One of your friends on the analysis team hasn’t been able to reach her dad or brother for hours, but she knows that they have food, medicine, and sanitation from an earlier phone conversation. Her 71-year-old dad lives alone in a suburban area and is excellent at preparedness; he has about five gallons of water. Her 40-year-old brother lives in an urban area and estimated three gallons of water per person. She decides to use the model to compute the probability they are zombies.
# Make a new data frame with the relatives data in it
newdata <- data.frame(age = c(71, 40),
water.person = c(5, 3),
food = c("Food", "Food"),
rurality = c("Suburban", "Urban"),
medication = c("Medication", "Medication"),
sanitation = c("Sanitation", "Sanitation"))
# Use the new data frame to predict
predictions <- predict(zombie.model, newdata, type = "response")
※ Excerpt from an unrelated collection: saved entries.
(* Let $f:\mathbb{R}^{n\times n}\to\mathbb{R}$ be differentiable with $\|\nabla f(X)-\nabla f(Y)\|_{\mathsf F}\le L\|X-Y\|_{\mathsf F}$ for all $X,Y\in\mathcal{D}_{[0,1]^n}$, and suppose there are constants $\underline{\nu}_f\le\overline{\nu}_f$ with $\frac{\underline{\nu}_f}{2}\|Y-X\|_{\mathsf F}^2\le f(Y)-f(X)-\langle\nabla f(X),Y-X\rangle\le\frac{\overline{\nu}_f}{2}\|Y-X\|_{\mathsf F}^2$ for all $X,Y\in\mathcal{D}_n$. Let $0<p<1$ and consider \[ \min_{X\in\mathcal{D}_n}\ F_{\sigma,p,\epsilon}(X):=f(X)+\sigma\sum_{i,j=1}^n (X_{ij}+\epsilon)^p . \] (a) Let $\epsilon>0$ and let $c>1$ be a constant. If \[ \sigma>\bar\sigma_{p,\epsilon}:=\frac{c}{p}\cdot\frac{L(2+\sqrt n)+\|\nabla f(\mathbf 0)\|_{\mathsf F}}{\epsilon^{p-1}-(1/2+\epsilon)^{p-1}}, \] then every permutation matrix is a local minimizer of this problem. (b) Let $\epsilon\ge0$. If $\sigma>\sigma^*_{p,\epsilon}:=\max\{\overline{\nu}_f/\overline{\nu}_h,0\}$ with $\overline{\nu}_h=p(1-p)(1+\epsilon)^{p-2}$, then every local minimizer of this problem is a permutation matrix.
   Context: $\mathcal{D}_n=\{X\in\mathbb{R}^{n\times n}: X\mathbf{e}=X^{\mathsf T}\mathbf{e}=\mathbf{e},\ X\ge0\}$ is the set of doubly stochastic matrices ($\mathbf e$ the all-ones vector), $\mathcal{D}_{[0,1]^n}=\{X\in\mathbb{R}^{n\times n}:0\le X_{ij}\le1\}$, $\mathbf 0$ the zero matrix, $\langle M,N\rangle=\mathrm{tr}(M^{\mathsf T}N)$, $\|\cdot\|_{\mathsf F}$ the Frobenius norm. *)

theory Defs
  imports "HOL-Analysis.Analysis"
begin

text \<open>n x n real matrices are rendered as real^'n^'n; the inner product on this type
  is the trace inner product and its norm is the Frobenius norm.\<close>

definition doubly_stochastic :: "real^'n^'n \<Rightarrow> bool" where
  "doubly_stochastic X \<longleftrightarrow>
     (\<forall>i j. X $ i $ j \<ge> 0) \<and> (\<forall>i. (\<Sum>j\<in>UNIV. X $ i $ j) = 1) \<and> (\<forall>j. (\<Sum>i\<in>UNIV. X $ i $ j) = 1)"

definition unit_box_matrix :: "real^'n^'n \<Rightarrow> bool" where
  "unit_box_matrix X \<longleftrightarrow> (\<forall>i j. 0 \<le> X $ i $ j \<and> X $ i $ j \<le> 1)"

definition permutation_matrix :: "real^'n^'n \<Rightarrow> bool" where
  "permutation_matrix X \<longleftrightarrow>
     (\<exists>\<pi>. \<pi> permutes (UNIV :: 'n set) \<and> (\<forall>i j. X $ i $ j = (if j = \<pi> i then 1 else 0)))"

definition local_minimizer_on :: "('a::metric_space \<Rightarrow> real) \<Rightarrow> 'a set \<Rightarrow> 'a \<Rightarrow> bool" where
  "local_minimizer_on F S X \<longleftrightarrow>
     X \<in> S \<and> (\<exists>\<delta>>0. \<forall>Y\<in>S. dist Y X < \<delta> \<longrightarrow> F X \<le> F Y)"

definition F_obj :: "(real^'n^'n \<Rightarrow> real) \<Rightarrow> real \<Rightarrow> real \<Rightarrow> real \<Rightarrow> real^'n^'n \<Rightarrow> real" where
  "F_obj f \<sigma> p \<epsilon> X = f X + \<sigma> * (\<Sum>i\<in>UNIV. \<Sum>j\<in>UNIV. (X $ i $ j + \<epsilon>) powr p)"

end

theory Submission
  imports Defs
begin

(*
  (a) If Y is doubly stochastic and close to the permutation matrix P of \<pi>, then
  norm (Y - P) is at most the deficit m = \<Sum>i. 1 - Y i (\<pi> i). Moving the mass m off the pattern
  of P raises the concave penalty, by the mean value theorem, at a rate of at least
  p ((norm (Y - P) + \<epsilon>) powr (p - 1) - (1/2 + \<epsilon>) powr (p - 1)) per unit, while f can decrease
  by at most about norm (G P) * m. The Lipschitz bound norm (G P) \<le> norm (G 0) + L sqrt n and
  the choice of \<sigma> make the penalty win.

  (b) If a doubly stochastic X has a fractional entry, every row and column containing a
  fractional entry contains at least two, so the fractional positions outnumber the rows plus
  columns they occupy; their incidence vectors are then linearly dependent, which yields a
  nonzero D with zero line sums supported on them. Along X \<plusminus> s D the penalty is strongly
  concave with modulus p (1 - p) (1 + \<epsilon>) powr (p - 2) while f is at most nu_hi-convex, so once
  \<sigma> times this modulus exceeds nu_hi, one of X \<plusminus> s D beats X, which is no local minimizer.
*)

section \<open>Concavity of the power function\<close>

lemma powr_diff_mean_value:
  fixes a b p :: real
  assumes "0 < a" "a < b"
  obtains z where "a < z" "z < b" "b powr p - a powr p = p * (b - a) * z powr (p - 1)"
proof -
  have "\<And>x. a \<le> x \<Longrightarrow> x \<le> b \<Longrightarrow> ((\<lambda>x. x powr p) has_real_derivative p * x powr (p - 1)) (at x)"
    using assms by (intro has_real_derivative_powr) auto
  then show ?thesis
    using MVT2[OF assms(2), of "\<lambda>x. x powr p" "\<lambda>x. p * x powr (p - 1)"] that
    by (auto simp: algebra_simps)
qed

lemma powr_diff_ge_slope:
  fixes a b c p :: real
  assumes "0 < a" "a \<le> b" "b \<le> c" "0 < p" "p < 1"
  shows "p * (b - a) * c powr (p - 1) \<le> b powr p - a powr p"
proof (cases "a = b")
  case False
  with assms obtain z where z: "a < z" "z < b" "b powr p - a powr p = p * (b - a) * z powr (p - 1)"
    by (metis order_le_neq_trans powr_diff_mean_value)
  have "c powr (p - 1) \<le> z powr (p - 1)"
    using z assms by (intro powr_mono2') auto
  with z assms show ?thesis
    by (simp add: mult_left_mono)
qed simp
# Print the predicted probabilities
predictions
## 1 2
## 0.15457694 0.09720797
Her dad has about a 15.5 percent chance of being a zombie and her brother has less than a 10 percent chance. It looks like they are probably safe, which is a big relief! She comes back to the team to start working on a plan to distribute food and common types of medication to keep others safe. The team discusses what it would take to start evacuating urban areas to get people to rural parts of the country where there is a lower percent of zombies. While the team is working on these plans, one thought keeps distracting you…your family may be safe, but how safe are you?
Add your own real-life data to the newdata data frame and predict your own probability of becoming a zombie!
newdata <- data.frame(age = c(71, 40, 25),
water.person = c(5, 3, 5),
food = c("Food", "Food", "Food"),
rurality = c("Suburban", "Urban", "Urban"),
medication = c("Medication", "Medication", "Medication"),
sanitation = c("Sanitation", "Sanitation", "Sanitation"))
# Use the new data frame to predict
predictions <- predict(zombie.model, newdata, type = "response")
# Print the predictions
predictions
## 1 2 3
## 0.15457694 0.09720797 0.02040983
While it is unlikely to be a zombie apocalypse will happen in the near future, the information presented in this notebook draws on emergency preparedness recommendations from the CDC. Although there is no way to make ourselves younger, we can have food, water, medication, and other supplies ready to ensure we are safe in the event of a blizzard, flood, tornado, or another emergency. After computing your zombie probability, think about what you could personally do to increase the likelihood that you will stay safe in the next storm or zombie apocalypse.
# What is your probability of becoming a zombie?
me <- predictions[3]
me
## 3
## 0.02040983
# How prepared are you for a real emergency?
preparedness_level <- "Okay, I got it."